#### YOUR INSTRUCTIONS:
The full set of records must be set down verbatim.

(EXTRACTED MATERIAL begins)

lemma holo_on_linearization_bound:
  fixes u :: "complex^'n \<Rightarrow> complex" and \<epsilon> :: real
  assumes "holo_on u \<Omega>" "closed_segment z (z + h) \<subseteq> \<Omega>"
    and "\<And>s p. s \<in> closed_segment z (z + h) \<Longrightarrow> norm (pderiv_p p u s - pderiv_p p u z) \<le> \<epsilon>"
  shows "norm (u (z + h) - u z - (\<Sum>p\<in>UNIV. h $ p * pderiv_p p u z)) \<le> norm h * (CARD('n) * \<epsilon>)"
proof -
  define S where "S = closed_segment z (z + h)"
  define D where "D s k = (\<Sum>p\<in>UNIV. k $ p * pderiv_p p u s)" for s k
  have segment: "z + t *\<^sub>R (z + h - z) \<in> S" if "t \<in> {0..1}" for t
  proof -
    have "z + t *\<^sub>R (z + h - z) = (1 - t) *\<^sub>R z + t *\<^sub>R (z + h)"
      by (simp add: algebra_simps)
    with that show ?thesis
      unfolding S_def in_segment(1) by (intro exI[of _ t]) simp
  qed
  have deriv: "(u has_derivative D s) (at s within S)" if "s \<in> S" for s
    unfolding D_def using that assms(2)
    by (intro has_derivative_at_withinI[OF holo_on_has_derivative[OF assms(1)]]) (auto simp: S_def)
  have bound: "onorm (D s - D z) \<le> CARD('n) * \<epsilon>" if s: "s \<in> S" for s
  proof (rule onorm_le)
    fix k
    have "norm ((D s - D z) k) = norm (\<Sum>p\<in>UNIV. k $ p * (pderiv_p p u s - pderiv_p p u z))"
      by (simp add: D_def algebra_simps sum_subtractf)
    also have "\<dots> \<le> (\<Sum>p\<in>UNIV. norm (k $ p * (pderiv_p p u s - pderiv_p p u z)))"
      by (rule norm_sum)
    also have "\<dots> \<le> of_nat (card (UNIV :: 'n set)) * (norm k * \<epsilon>)"
      unfolding norm_mult
      by (rule sum_bounded_above, rule mult_mono)
        (simp_all add: Finite_Cartesian_Product.norm_nth_le assms(3)[OF s[unfolded S_def]])
    finally show "norm ((D s - D z) k) \<le> CARD('n) * \<epsilon> * norm k"
      by (simp add: mult_ac)
  qed
  have "z \<in> S"
    by (simp add: S_def)
  from differentiable_bound_linearization[OF segment deriv bound this] show ?thesis
    by (simp add: D_def)
qed

lemma holo_on_uniform_linearization:
  fixes u :: "complex^'n \<Rightarrow> complex"
  assumes "open \<Omega>" "holo_on u \<Omega>" "compact K" "K \<subseteq> \<Omega>" "\<epsilon> > 0"
  obtains \<eta> where "\<eta> > 0" "\<And>z h. closed_segment z (z + h) \<subseteq> K \<Longrightarrow> norm h < \<eta> \<Longrightarrow>
    norm (u (z + h) - u z - (\<Sum>p\<in>UNIV. h $ p * pderiv_p p u z)) \<le> \<epsilon> * norm h"
proof -
  define G where "G s = (\<chi> p. pderiv_p p u s)" for s
  have "uniformly_continuous_on K G"
    unfolding G_def using continuous_on_subset[OF continuous_on_pderiv_p[OF assms(1,2)] assms(4)]
    by (intro compact_uniformly_continuous continuous_on_vec_lambda assms(3)) auto
  moreover have "\<epsilon> / CARD('n) > 0"
    using assms(5) by simp
  ultimately obtain \<eta> where \<eta>: "\<eta> > 0"
    "\<And>a b. a \<in> K \<Longrightarrow> b \<in> K \<Longrightarrow> dist b a < \<eta> \<Longrightarrow> dist (G b) (G a) < \<epsilon> / CARD('n)"
    unfolding uniformly_continuous_on_def by metis
  have "norm (u (z + h) - u z - (\<Sum>p\<in>UNIV. h $ p * pderiv_p p u z)) \<le> \<epsilon> * norm h"
    if K: "closed_segment z (z + h) \<subseteq> K" and h: "norm h < \<eta>" for z h
  proof -
    have "norm (pderiv_p p u s - pderiv_p p u z) \<le> \<epsilon> / CARD('n)" if s: "s \<in> closed_segment z (z + h)" for s p
    proof -
      have "dist s z < \<eta>"
        using segment_bound(1)[OF s] h by (simp add: dist_norm)
      then have "dist (G s) (G z) < \<epsilon> / CARD('n)"
        using \<eta>(2) K s by blast
      then show ?thesis
        using Finite_Cartesian_Product.norm_nth_le[of "G s - G z" p] by (simp add: G_def dist_norm)
    qed
    from holo_on_linearization_bound[OF assms(2) order_trans[OF K assms(4)] this]
    show ?thesis
      by (simp add: mult.commute)
  qed
  with \<eta>(1) show ?thesis
    using that by blast
qed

(EXTRACTED MATERIAL ends)

#### WRITTEN ANSWER:
lemma holo_on_linearization_bound:
  fixes u :: "complex^'n \<Rightarrow> complex" and \<epsilon> :: real
  assumes "holo_on u \<Omega>" "closed_segment z (z + h) \<subseteq> \<Omega>"
    and "\<And>s p. s \<in> closed_segment z (z + h) \<Longrightarrow> norm (pderiv_p p u s - pderiv_p p u z) \<le> \<epsilon>"
  shows "norm (u (z + h) - u z - (\<Sum>p\<in>UNIV. h $ p * pderiv_p p u z)) \<le> norm h * (CARD('n) * \<epsilon>)"
proof -
  define S where "S = closed_segment z (z + h)"
  define D where "D s k = (\<Sum>p\<in>UNIV. k $ p * pderiv_p p u s)" for s k
  have segment: "z + t *\<^sub>R (z + h - z) \<in> S" if "t \<in> {0..1}" for t
  proof -
    have "z + t *\<^sub>R (z + h - z) = (1 - t) *\<^sub>R z + t *\<^sub>R (z + h)"
      by (simp add: algebra_simps)
    with that show ?thesis
      unfolding S_def in_segment(1) by (intro exI[of _ t]) simp
  qed
  have deriv: "(u has_derivative D s) (at s within S)" if "s \<in> S" for s
    unfolding D_def using that assms(2)
    by (intro has_derivative_at_withinI[OF holo_on_has_derivative[OF assms(1)]]) (auto simp: S_def)
  have bound: "onorm (D s - D z) \<le> CARD('n) * \<epsilon>" if s: "s \<in> S" for s
  proof (rule onorm_le)
    fix k
    have "norm ((D s - D z) k) = norm (\<Sum>p\<in>UNIV. k $ p * (pderiv_p p u s - pderiv_p p u z))"
      by (simp add: D_def algebra_simps sum_subtractf)
    also have "\<dots> \<le> (\<Sum>p\<in>UNIV. norm (k $ p * (pderiv_p p u s - pderiv_p p u z)))"
      by (rule norm_sum)
    also have "\<dots> \<le> of_nat (card (UNIV :: 'n set)) * (norm k * \<epsilon>)"
      unfolding norm_mult
      by (rule sum_bounded_above, rule mult_mono)
        (simp_all add: Finite_Cartesian_Product.norm_nth_le assms(3)[OF s[unfolded S_def]])
    finally show "norm ((D s - D z) k) \<le> CARD('n) * \<epsilon> * norm k"
      by (simp add: mult_ac)
  qed
  have "z \<in> S"
    by (simp add: S_def)
  from differentiable_bound_linearization[OF segment deriv bound this] show ?thesis
    by (simp add: D_def)
qed

lemma holo_on_uniform_linearization:
  fixes u :: "complex^'n \<Rightarrow> complex"
  assumes "open \<Omega>" "holo_on u \<Omega>" "compact K" "K \<subseteq> \<Omega>" "\<epsilon> > 0"
  obtains \<eta> where "\<eta> > 0" "\<And>z h. closed_segment z (z + h) \<subseteq> K \<Longrightarrow> norm h < \<eta> \<Longrightarrow>
    norm (u (z + h) - u z - (\<Sum>p\<in>UNIV. h $ p * pderiv_p p u z)) \<le> \<epsilon> * norm h"
proof -
  define G where "G s = (\<chi> p. pderiv_p p u s)" for s
  have "uniformly_continuous_on K G"
    unfolding G_def using continuous_on_subset[OF continuous_on_pderiv_p[OF assms(1,2)] assms(4)]
    by (intro compact_uniformly_continuous continuous_on_vec_lambda assms(3)) auto
  moreover have "\<epsilon> / CARD('n) > 0"
    using assms(5) by simp
  ultimately obtain \<eta> where \<eta>: "\<eta> > 0"
    "\<And>a b. a \<in> K \<Longrightarrow> b \<in> K \<Longrightarrow> dist b a < \<eta> \<Longrightarrow> dist (G b) (G a) < \<epsilon> / CARD('n)"
    unfolding uniformly_continuous_on_def by metis
  have "norm (u (z + h) - u z - (\<Sum>p\<in>UNIV. h $ p * pderiv_p p u z)) \<le> \<epsilon> * norm h"
    if K: "closed_segment z (z + h) \<subseteq> K" and h: "norm h < \<eta>" for z h
  proof -
    have "norm (pderiv_p p u s - pderiv_p p u z) \<le> \<epsilon> / CARD('n)" if s: "s \<in> closed_segment z (z + h)" for s p
    proof -
      have "dist s z < \<eta>"
        using segment_bound(1)[OF s] h by (simp add: dist_norm)
      then have "dist (G s) (G z) < \<epsilon> / CARD('n)"
        using \<eta>(2) K s by blast
      then show ?thesis
        using Finite_Cartesian_Product.norm_nth_le[of "G s - G z" p] by (simp add: G_def dist_norm)
    qed
    from holo_on_linearization_bound[OF assms(2) order_trans[OF K assms(4)] this]
    show ?thesis
      by (simp add: mult.commute)
  qed
  with \<eta>(1) show ?thesis
    using that by blast
qed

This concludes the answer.